Data to process.
....................
(* For every $C_\pi$ process $P$, every channel $m$, every prefix $\pi$, and channels $k,l$ and variables $x,y$, we have $$(\nu k)\big((\nu l)\overline{k}\langle l\rangle.m(y).[y=l]\pi.0 \;|\; k(x).P\big)\;\sim\;(\nu k)\big((\nu l)\overline{k}\langle l\rangle.m(y).0 \;|\; k(x).P\big).$$
   Context: The Confidential $\pi$-calculus $C_\pi$. There are two disjoint countable sets: ${\cal V}$ of variables (ranged over by $x,y,z,\dots$) and ${\cal C}$ of channels (ranged over by $k,l,m,n,\dots$). Let ${\cal N}={\cal V}\cup{\cal C}$, ranged over by $a,b,c,\dots$. Prefixes: $\pi ::= \overline{a}\langle k\rangle \mid a(x) \mid [a=b]\pi$. Processes: $P ::= 0 \mid \pi.P \mid P\,|\,P \mid (\nu k)P \mid\, !P$. The object of an output is always a channel, and the bound object of an input is always a variable. In $(\nu k)P$ the channel $k$ is bound, and in $a(x).P$ the variable $x$ is bound, with scope $P$. The sets $\mathrm{fn}(P)$, $\mathrm{bn}(P)$ and $\mathrm{n}(P)$ are the free, bound and all names of $P$. The set $\mathrm{fo}(P)$ consists of the free channels of $P$ that occur as objects of output prefixes in $P$. Processes are identified up to $\alpha$-conversion. Actions: $\alpha ::= \overline{k}\langle l\rangle \mid k(l) \mid (\nu l)\overline{k}\langle l\rangle \mid \tau$, where $k,l$ are channels. We have $\mathrm{fn}(\overline{k}\langle l\rangle)=\mathrm{fn}(k(l))=\{k,l\}$, $\mathrm{fn}((\nu l)\overline{k}\langle l\rangle)=\{k\}$, $\mathrm{bn}((\nu l)\overline{k}\langle l\rangle)=\{l\}$, all other bound-name sets are empty, $\mathrm{fn}(\tau)=\emptyset$, and $\mathrm{n}(\alpha)=\mathrm{fn}(\alpha)\cup\mathrm{bn}(\alpha)$. The labelled transition relation $\xrightarrow{\alpha}$ is the least relation closed under the following rules: - (out) $\overline{k}\langle l\rangle.P \xrightarrow{\overline{k}\langle l\rangle} P$. - (in) $k(x).P \xrightarrow{k(l)} P\{l/x\}$ for every channel $l$. - (match) If $\pi.P\xrightarrow{\alpha}P'$, then $[a=a]\pi.P\xrightarrow{\alpha}P'$. - (res) If $P\xrightarrow{\alpha}P'$ and $k\notin \mathrm{n}(\alpha)$, then $(\nu k)P\xrightarrow{\alpha}(\nu k)P'$. - (open) If $P\xrightarrow{\overline{k}\langle l\rangle}Q$ and $k\neq l$, then $(\nu l)P\xrightarrow{(\nu l)\overline{k}\langle l\rangle}Q$. - (par-l) If $P\xrightarrow{\alpha}Q$ and $\mathrm{bn}(\alpha)\cap\mathrm{fn}(R)=\emptyset$, then $P|R\xrightarrow{\alpha}Q|R$. - (comm-l) If $P\xrightarrow{\overline{k}\langle l\rangle}P'$ and $Q\xrightarrow{k(l)}Q'$, then $P|Q\xrightarrow{\tau}P'|Q'$. - (close-l) If $P\xrightarrow{(\nu l)\overline{k}\langle l\rangle}P'$, $Q\xrightarrow{k(l)}Q'$ and $l\notin\mathrm{fn}(Q)$, then $P|Q\xrightarrow{\tau}(\nu l)(P'|Q')$. - The symmetric rules (par-r), (comm-r), (close-r). - (rep-act) If $P\xrightarrow{\alpha}P'$, then $!P\xrightarrow{\alpha}P'|!P$. - (rep-comm) If $P\xrightarrow{\overline{k}\langle l\rangle}P'$ and $P\xrightarrow{k(l)}P''$, then $!P\xrightarrow{\tau}(P'|P'')|!P$. - (rep-close) If $P\xrightarrow{(\nu l)\overline{k}\langle l\rangle}P'$, $P\xrightarrow{k(l)}P''$ and $l\notin\mathrm{fn}(P)$, then $!P\xrightarrow{\tau}(\nu l)(P'|P'')|!P$. Strong bisimilarity $\sim$ is the largest symmetric binary relation on processes such that whenever $P\sim Q$ and $P\xrightarrow{\alpha}P'$ with $\mathrm{bn}(\alpha)\cap\mathrm{fn}(Q)=\emptyset$, there exists $Q'$ with $Q\xrightarrow{\alpha}Q'$ and $P'\sim Q'$. *)

theory Defs
  imports Main
begin

section \<open>Syntax of the confidential pi-calculus\<close>

type_synonym var = nat
type_synonym chan = nat

datatype nm = Var var | Ch chan

text \<open>Prefixes: output (object always a channel), input (bound object always
a variable), and matching.\<close>
datatype prefix = POut nm chan | PIn nm var | PMatch nm nm prefix

datatype proc = PNil | Pre prefix proc | Par proc proc | Res chan proc | Bang proc

fun pnames :: "prefix \<Rightarrow> nm set" where
  "pnames (POut a k) = {a, Ch k}"
| "pnames (PIn a x) = {a}"
| "pnames (PMatch a b p) = {a, b} \<union> pnames p"

fun pbinder :: "prefix \<Rightarrow> var option" where
  "pbinder (POut a k) = None"
| "pbinder (PIn a x) = Some x"
| "pbinder (PMatch a b p) = pbinder p"

fun fn :: "proc \<Rightarrow> nm set" where
  "fn PNil = {}"
| "fn (Pre p P) = pnames p \<union> (case pbinder p of None \<Rightarrow> fn P | Some x \<Rightarrow> fn P - {Var x})"
| "fn (Par P Q) = fn P \<union> fn Q"
| "fn (Res k P) = fn P - {Ch k}"
| "fn (Bang P) = fn P"

fun bnc :: "proc \<Rightarrow> chan set" where
  "bnc PNil = {}"
| "bnc (Pre p P) = bnc P"
| "bnc (Par P Q) = bnc P \<union> bnc Q"
| "bnc (Res k P) = insert k (bnc P)"
| "bnc (Bang P) = bnc P"

definition swp :: "nat \<Rightarrow> nat \<Rightarrow> nat \<Rightarrow> nat" where
  "swp a b c = (if c = a then b else if c = b then a else c)"

fun swapc_nm :: "chan \<Rightarrow> chan \<Rightarrow> nm \<Rightarrow> nm" where
  "swapc_nm k l (Ch c) = Ch (swp k l c)"
| "swapc_nm k l (Var x) = Var x"

fun swapc_pre :: "chan \<Rightarrow> chan \<Rightarrow> prefix \<Rightarrow> prefix" where
  "swapc_pre k l (POut a c) = POut (swapc_nm k l a) (swp k l c)"
| "swapc_pre k l (PIn a x) = PIn (swapc_nm k l a) x"
| "swapc_pre k l (PMatch a b p) = PMatch (swapc_nm k l a) (swapc_nm k l b) (swapc_pre k l p)"

fun swapc :: "chan \<Rightarrow> chan \<Rightarrow> proc \<Rightarrow> proc" where
  "swapc k l PNil = PNil"
| "swapc k l (Pre p P) = Pre (swapc_pre k l p) (swapc k l P)"
| "swapc k l (Par P Q) = Par (swapc k l P) (swapc k l Q)"
| "swapc k l (Res c P) = Res (swp k l c) (swapc k l P)"
| "swapc k l (Bang P) = Bang (swapc k l P)"

fun swapv_nm :: "var \<Rightarrow> var \<Rightarrow> nm \<Rightarrow> nm" where
  "swapv_nm x y (Var z) = Var (swp x y z)"
| "swapv_nm x y (Ch c) = Ch c"

fun swapv_pre :: "var \<Rightarrow> var \<Rightarrow> prefix \<Rightarrow> prefix" where
  "swapv_pre x y (POut a c) = POut (swapv_nm x y a) c"
| "swapv_pre x y (PIn a z) = PIn (swapv_nm x y a) (swp x y z)"
| "swapv_pre x y (PMatch a b p) = PMatch (swapv_nm x y a) (swapv_nm x y b) (swapv_pre x y p)"

fun swapv :: "var \<Rightarrow> var \<Rightarrow> proc \<Rightarrow> proc" where
  "swapv x y PNil = PNil"
| "swapv x y (Pre p P) = Pre (swapv_pre x y p) (swapv x y P)"
| "swapv x y (Par P Q) = Par (swapv x y P) (swapv x y Q)"
| "swapv x y (Res c P) = Res c (swapv x y P)"
| "swapv x y (Bang P) = Bang (swapv x y P)"

fun rebind :: "var \<Rightarrow> prefix \<Rightarrow> prefix" where
  "rebind y (POut a c) = POut a c"
| "rebind y (PIn a x) = PIn a y"
| "rebind y (PMatch a b p) = PMatch a b (rebind y p)"

text \<open>Substitution of a channel for the free occurrences of a variable.  It is
only used (in rule (in)) when the channel is not bound by a restriction in the
process, so that it is capture-avoiding there.\<close>
fun subst_nm :: "var \<Rightarrow> chan \<Rightarrow> nm \<Rightarrow> nm" where
  "subst_nm x l (Var z) = (if z = x then Ch l else Var z)"
| "subst_nm x l (Ch c) = Ch c"

fun subst_pre :: "var \<Rightarrow> chan \<Rightarrow> prefix \<Rightarrow> prefix" where
  "subst_pre x l (POut a c) = POut (subst_nm x l a) c"
| "subst_pre x l (PIn a z) = PIn (subst_nm x l a) z"
| "subst_pre x l (PMatch a b p) = PMatch (subst_nm x l a) (subst_nm x l b) (subst_pre x l p)"

fun subst :: "var \<Rightarrow> chan \<Rightarrow> proc \<Rightarrow> proc" where
  "subst x l PNil = PNil"
| "subst x l (Pre p P) = Pre (subst_pre x l p) (if pbinder p = Some x then P else subst x l P)"
| "subst x l (Par P Q) = Par (subst x l P) (subst x l Q)"
| "subst x l (Res c P) = Res c (subst x l P)"
| "subst x l (Bang P) = Bang (subst x l P)"

inductive alpha :: "proc \<Rightarrow> proc \<Rightarrow> bool" where
  a_refl: "alpha P P"
| a_sym: "alpha P Q \<Longrightarrow> alpha Q P"
| a_trans: "alpha P Q \<Longrightarrow> alpha Q R \<Longrightarrow> alpha P R"
| a_res_rename: "Ch l \<notin> fn P \<Longrightarrow> alpha (Res k P) (Res l (swapc k l P))"
| a_in_rename: "pbinder p = Some x \<Longrightarrow> Var y \<notin> fn P \<Longrightarrow>
     alpha (Pre p P) (Pre (rebind y p) (swapv x y P))"
| a_pre: "alpha P Q \<Longrightarrow> alpha (Pre p P) (Pre p Q)"
| a_par: "alpha P P' \<Longrightarrow> alpha Q Q' \<Longrightarrow> alpha (Par P Q) (Par P' Q')"
| a_res: "alpha P Q \<Longrightarrow> alpha (Res k P) (Res k Q)"
| a_bang: "alpha P Q \<Longrightarrow> alpha (Bang P) (Bang Q)"

datatype act = AOut chan chan | AIn chan chan | ABOut chan chan | ATau
  \<comment> \<open>\<open>ABOut k l\<close> is the bound output \<open>(\<nu>l) k<l>\<close>\<close>

fun afn :: "act \<Rightarrow> nm set" where
  "afn (AOut k l) = {Ch k, Ch l}"
| "afn (AIn k l) = {Ch k, Ch l}"
| "afn (ABOut k l) = {Ch k}"
| "afn ATau = {}"

fun abn :: "act \<Rightarrow> nm set" where
  "abn (ABOut k l) = {Ch l}"
| "abn _ = {}"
....................
Exercise goal.
Say the number of lines in the records above that include the string "union", and no more.

Expected answer.
4